##### Task inputs #####

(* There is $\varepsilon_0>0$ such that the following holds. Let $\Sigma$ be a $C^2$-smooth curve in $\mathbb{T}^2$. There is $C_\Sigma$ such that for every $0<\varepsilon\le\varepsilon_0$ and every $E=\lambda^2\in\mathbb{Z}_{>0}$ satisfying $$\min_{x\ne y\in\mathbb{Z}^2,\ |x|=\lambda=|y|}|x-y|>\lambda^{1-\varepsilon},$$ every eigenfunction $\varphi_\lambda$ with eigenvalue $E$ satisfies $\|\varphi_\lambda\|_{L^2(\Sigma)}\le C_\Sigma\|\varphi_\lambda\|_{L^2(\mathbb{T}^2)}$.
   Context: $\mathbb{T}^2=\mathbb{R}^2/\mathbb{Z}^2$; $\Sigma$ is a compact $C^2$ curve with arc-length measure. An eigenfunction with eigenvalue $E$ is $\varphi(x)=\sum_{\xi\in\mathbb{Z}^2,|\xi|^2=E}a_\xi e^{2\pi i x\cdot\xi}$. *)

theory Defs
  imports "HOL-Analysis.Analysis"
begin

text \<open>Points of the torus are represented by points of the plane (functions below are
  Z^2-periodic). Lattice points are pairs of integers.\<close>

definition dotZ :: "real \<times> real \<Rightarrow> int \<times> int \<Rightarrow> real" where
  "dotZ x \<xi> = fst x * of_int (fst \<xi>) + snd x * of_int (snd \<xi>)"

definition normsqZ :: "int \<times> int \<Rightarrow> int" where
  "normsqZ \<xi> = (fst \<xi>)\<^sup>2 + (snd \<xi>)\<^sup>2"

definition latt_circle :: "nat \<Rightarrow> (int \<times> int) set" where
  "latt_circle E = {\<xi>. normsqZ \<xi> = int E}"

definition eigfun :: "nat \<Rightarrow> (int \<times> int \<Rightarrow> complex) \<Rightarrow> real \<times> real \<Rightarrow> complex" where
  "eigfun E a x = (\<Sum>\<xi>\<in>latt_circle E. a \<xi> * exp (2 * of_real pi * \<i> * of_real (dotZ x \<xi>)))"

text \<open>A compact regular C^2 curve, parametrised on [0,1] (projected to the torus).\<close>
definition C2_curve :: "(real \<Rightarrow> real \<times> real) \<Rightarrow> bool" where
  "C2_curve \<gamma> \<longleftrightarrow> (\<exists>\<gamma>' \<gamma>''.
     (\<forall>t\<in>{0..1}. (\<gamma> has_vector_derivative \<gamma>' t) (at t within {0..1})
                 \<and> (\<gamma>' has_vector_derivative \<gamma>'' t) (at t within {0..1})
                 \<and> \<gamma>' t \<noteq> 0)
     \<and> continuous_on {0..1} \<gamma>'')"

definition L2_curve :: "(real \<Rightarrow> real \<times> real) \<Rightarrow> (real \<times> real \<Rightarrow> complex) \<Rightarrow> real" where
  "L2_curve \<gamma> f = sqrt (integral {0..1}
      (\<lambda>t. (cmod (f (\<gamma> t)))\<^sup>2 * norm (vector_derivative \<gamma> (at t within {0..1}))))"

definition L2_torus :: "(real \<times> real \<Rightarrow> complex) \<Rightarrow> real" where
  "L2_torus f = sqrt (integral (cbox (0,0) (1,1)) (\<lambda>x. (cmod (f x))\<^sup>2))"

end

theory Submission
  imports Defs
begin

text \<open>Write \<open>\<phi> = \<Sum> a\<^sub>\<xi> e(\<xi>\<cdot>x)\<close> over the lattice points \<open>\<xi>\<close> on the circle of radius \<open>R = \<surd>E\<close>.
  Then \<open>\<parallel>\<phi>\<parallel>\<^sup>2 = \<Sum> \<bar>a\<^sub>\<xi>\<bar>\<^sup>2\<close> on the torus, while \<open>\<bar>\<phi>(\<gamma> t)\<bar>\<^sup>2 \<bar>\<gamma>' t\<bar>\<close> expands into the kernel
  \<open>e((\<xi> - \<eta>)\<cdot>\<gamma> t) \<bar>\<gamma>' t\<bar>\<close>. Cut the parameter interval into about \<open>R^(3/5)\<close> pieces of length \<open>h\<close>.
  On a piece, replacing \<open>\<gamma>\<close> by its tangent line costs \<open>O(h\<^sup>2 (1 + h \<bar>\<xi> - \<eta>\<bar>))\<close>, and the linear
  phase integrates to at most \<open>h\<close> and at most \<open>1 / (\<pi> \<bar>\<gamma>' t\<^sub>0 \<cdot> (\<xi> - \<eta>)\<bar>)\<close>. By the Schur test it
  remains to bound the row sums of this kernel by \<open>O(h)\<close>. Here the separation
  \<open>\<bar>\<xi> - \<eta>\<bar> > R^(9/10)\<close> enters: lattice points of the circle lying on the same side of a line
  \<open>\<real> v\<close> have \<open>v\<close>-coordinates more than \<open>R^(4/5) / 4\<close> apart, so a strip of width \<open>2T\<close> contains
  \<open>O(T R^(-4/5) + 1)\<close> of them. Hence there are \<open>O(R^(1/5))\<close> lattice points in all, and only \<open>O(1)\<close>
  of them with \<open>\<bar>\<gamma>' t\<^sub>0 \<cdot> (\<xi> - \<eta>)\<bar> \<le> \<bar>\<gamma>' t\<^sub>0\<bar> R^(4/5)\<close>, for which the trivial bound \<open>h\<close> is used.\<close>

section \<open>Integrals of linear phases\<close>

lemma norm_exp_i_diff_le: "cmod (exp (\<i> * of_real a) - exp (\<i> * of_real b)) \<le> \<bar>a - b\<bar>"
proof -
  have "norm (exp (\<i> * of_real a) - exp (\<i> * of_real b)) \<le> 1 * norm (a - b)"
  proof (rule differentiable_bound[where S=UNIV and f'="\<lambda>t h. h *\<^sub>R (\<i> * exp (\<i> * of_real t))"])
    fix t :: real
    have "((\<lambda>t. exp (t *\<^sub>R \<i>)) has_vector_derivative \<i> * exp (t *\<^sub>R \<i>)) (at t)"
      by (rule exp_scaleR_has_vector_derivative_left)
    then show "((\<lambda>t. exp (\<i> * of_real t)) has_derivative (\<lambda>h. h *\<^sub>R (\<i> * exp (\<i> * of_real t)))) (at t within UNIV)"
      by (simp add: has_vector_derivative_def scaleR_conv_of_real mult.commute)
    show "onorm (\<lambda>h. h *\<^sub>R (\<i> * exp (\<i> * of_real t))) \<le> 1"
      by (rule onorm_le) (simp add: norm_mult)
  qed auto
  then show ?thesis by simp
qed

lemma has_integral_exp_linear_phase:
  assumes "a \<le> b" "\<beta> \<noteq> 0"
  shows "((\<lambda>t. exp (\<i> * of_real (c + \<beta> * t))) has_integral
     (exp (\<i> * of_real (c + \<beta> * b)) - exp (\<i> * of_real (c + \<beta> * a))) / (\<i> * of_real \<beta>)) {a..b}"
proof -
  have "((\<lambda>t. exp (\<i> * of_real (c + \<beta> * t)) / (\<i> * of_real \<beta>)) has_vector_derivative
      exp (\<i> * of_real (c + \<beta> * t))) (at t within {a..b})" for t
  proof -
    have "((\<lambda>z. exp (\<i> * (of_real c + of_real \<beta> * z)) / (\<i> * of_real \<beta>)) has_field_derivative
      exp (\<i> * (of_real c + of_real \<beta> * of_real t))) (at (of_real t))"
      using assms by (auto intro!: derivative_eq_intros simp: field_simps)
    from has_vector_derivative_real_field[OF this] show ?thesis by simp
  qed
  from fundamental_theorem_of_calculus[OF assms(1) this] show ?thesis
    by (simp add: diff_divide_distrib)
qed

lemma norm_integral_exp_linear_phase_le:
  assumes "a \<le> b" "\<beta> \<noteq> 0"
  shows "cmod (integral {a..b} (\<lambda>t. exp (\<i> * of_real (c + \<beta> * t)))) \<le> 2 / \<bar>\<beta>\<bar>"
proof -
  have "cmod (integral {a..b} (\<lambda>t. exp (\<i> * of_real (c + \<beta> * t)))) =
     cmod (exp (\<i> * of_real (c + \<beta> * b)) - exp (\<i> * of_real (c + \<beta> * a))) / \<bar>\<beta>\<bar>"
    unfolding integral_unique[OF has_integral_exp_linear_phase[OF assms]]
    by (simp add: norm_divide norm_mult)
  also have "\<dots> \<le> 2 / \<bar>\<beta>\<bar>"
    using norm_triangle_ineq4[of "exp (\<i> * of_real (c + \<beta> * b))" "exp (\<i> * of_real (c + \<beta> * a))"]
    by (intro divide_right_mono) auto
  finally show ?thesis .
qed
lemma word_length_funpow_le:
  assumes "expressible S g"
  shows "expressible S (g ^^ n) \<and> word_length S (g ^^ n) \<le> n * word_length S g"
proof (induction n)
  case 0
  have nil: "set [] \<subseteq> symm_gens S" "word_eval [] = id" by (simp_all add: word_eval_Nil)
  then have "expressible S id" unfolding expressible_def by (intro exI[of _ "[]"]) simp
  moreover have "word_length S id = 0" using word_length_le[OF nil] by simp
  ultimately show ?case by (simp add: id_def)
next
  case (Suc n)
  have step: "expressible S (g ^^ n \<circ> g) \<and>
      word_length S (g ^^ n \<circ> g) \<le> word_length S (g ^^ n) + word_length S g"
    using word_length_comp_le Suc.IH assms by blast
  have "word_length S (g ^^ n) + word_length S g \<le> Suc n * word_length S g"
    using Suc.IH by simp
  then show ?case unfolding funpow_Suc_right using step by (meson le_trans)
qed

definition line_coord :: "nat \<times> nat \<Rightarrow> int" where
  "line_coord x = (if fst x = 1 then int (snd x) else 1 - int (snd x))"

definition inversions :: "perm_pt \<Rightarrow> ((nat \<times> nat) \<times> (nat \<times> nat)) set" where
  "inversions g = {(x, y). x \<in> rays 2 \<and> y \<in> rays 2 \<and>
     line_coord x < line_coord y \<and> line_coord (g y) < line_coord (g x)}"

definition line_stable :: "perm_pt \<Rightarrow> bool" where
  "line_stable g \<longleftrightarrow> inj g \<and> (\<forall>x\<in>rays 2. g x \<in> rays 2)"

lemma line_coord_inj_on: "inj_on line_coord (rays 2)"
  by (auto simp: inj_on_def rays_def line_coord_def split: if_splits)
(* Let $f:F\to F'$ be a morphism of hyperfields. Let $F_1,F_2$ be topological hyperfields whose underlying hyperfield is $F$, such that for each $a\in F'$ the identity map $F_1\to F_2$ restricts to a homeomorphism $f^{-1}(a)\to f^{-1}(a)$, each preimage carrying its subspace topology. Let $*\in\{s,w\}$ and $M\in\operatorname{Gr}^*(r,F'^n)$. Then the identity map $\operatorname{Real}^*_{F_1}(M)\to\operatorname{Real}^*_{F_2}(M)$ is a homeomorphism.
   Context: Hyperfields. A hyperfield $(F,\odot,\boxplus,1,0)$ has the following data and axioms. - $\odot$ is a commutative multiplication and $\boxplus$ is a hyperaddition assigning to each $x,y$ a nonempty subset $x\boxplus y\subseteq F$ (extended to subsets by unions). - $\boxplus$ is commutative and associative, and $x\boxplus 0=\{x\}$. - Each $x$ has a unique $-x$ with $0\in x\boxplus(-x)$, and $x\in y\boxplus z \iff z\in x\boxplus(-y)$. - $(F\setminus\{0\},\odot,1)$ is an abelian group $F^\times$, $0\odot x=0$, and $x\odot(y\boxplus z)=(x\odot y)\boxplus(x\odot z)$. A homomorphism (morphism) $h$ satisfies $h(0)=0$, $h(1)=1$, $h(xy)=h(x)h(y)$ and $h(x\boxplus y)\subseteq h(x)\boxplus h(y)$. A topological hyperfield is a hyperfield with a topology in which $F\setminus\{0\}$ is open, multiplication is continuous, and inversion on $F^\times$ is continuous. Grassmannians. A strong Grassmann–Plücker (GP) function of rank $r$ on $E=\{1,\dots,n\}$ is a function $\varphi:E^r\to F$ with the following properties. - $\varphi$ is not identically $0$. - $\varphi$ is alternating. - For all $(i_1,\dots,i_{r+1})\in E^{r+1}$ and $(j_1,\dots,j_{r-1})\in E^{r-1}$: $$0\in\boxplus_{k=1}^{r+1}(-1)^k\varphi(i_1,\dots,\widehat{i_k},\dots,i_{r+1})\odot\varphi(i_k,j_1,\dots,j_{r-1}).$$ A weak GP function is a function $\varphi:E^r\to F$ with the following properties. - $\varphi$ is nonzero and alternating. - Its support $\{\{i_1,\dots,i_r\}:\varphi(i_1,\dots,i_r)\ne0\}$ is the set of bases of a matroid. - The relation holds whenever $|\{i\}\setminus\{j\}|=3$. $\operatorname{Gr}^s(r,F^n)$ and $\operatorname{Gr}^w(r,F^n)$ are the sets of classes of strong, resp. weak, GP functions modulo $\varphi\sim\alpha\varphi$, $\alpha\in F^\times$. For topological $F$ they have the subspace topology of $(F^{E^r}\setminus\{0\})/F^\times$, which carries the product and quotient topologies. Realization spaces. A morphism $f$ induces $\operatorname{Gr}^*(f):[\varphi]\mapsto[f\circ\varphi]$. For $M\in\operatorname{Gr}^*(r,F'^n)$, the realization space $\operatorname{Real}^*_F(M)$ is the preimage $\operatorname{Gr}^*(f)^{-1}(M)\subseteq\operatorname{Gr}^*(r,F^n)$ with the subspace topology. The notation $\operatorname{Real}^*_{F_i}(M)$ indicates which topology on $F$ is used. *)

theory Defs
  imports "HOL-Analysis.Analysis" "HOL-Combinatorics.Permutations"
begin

#####

◆ **Aim of the task**
Your task is to copy each line of the listing that holds the word "cmod".

◆ **Exercise solution**
      (\<lambda>t. (cmod (f (\<gamma> t)))\<^sup>2 * norm (vector_derivative \<gamma> (at t within {0..1}))))"
  "L2_torus f = sqrt (integral (cbox (0,0) (1,1)) (\<lambda>x. (cmod (f x))\<^sup>2))"
lemma norm_exp_i_diff_le: "cmod (exp (\<i> * of_real a) - exp (\<i> * of_real b)) \<le> \<bar>a - b\<bar>"
  shows "cmod (integral {a..b} (\<lambda>t. exp (\<i> * of_real (c + \<beta> * t)))) \<le> 2 / \<bar>\<beta>\<bar>"
  have "cmod (integral {a..b} (\<lambda>t. exp (\<i> * of_real (c + \<beta> * t)))) =
     cmod (exp (\<i> * of_real (c + \<beta> * b)) - exp (\<i> * of_real (c + \<beta> * a))) / \<bar>\<beta>\<bar>"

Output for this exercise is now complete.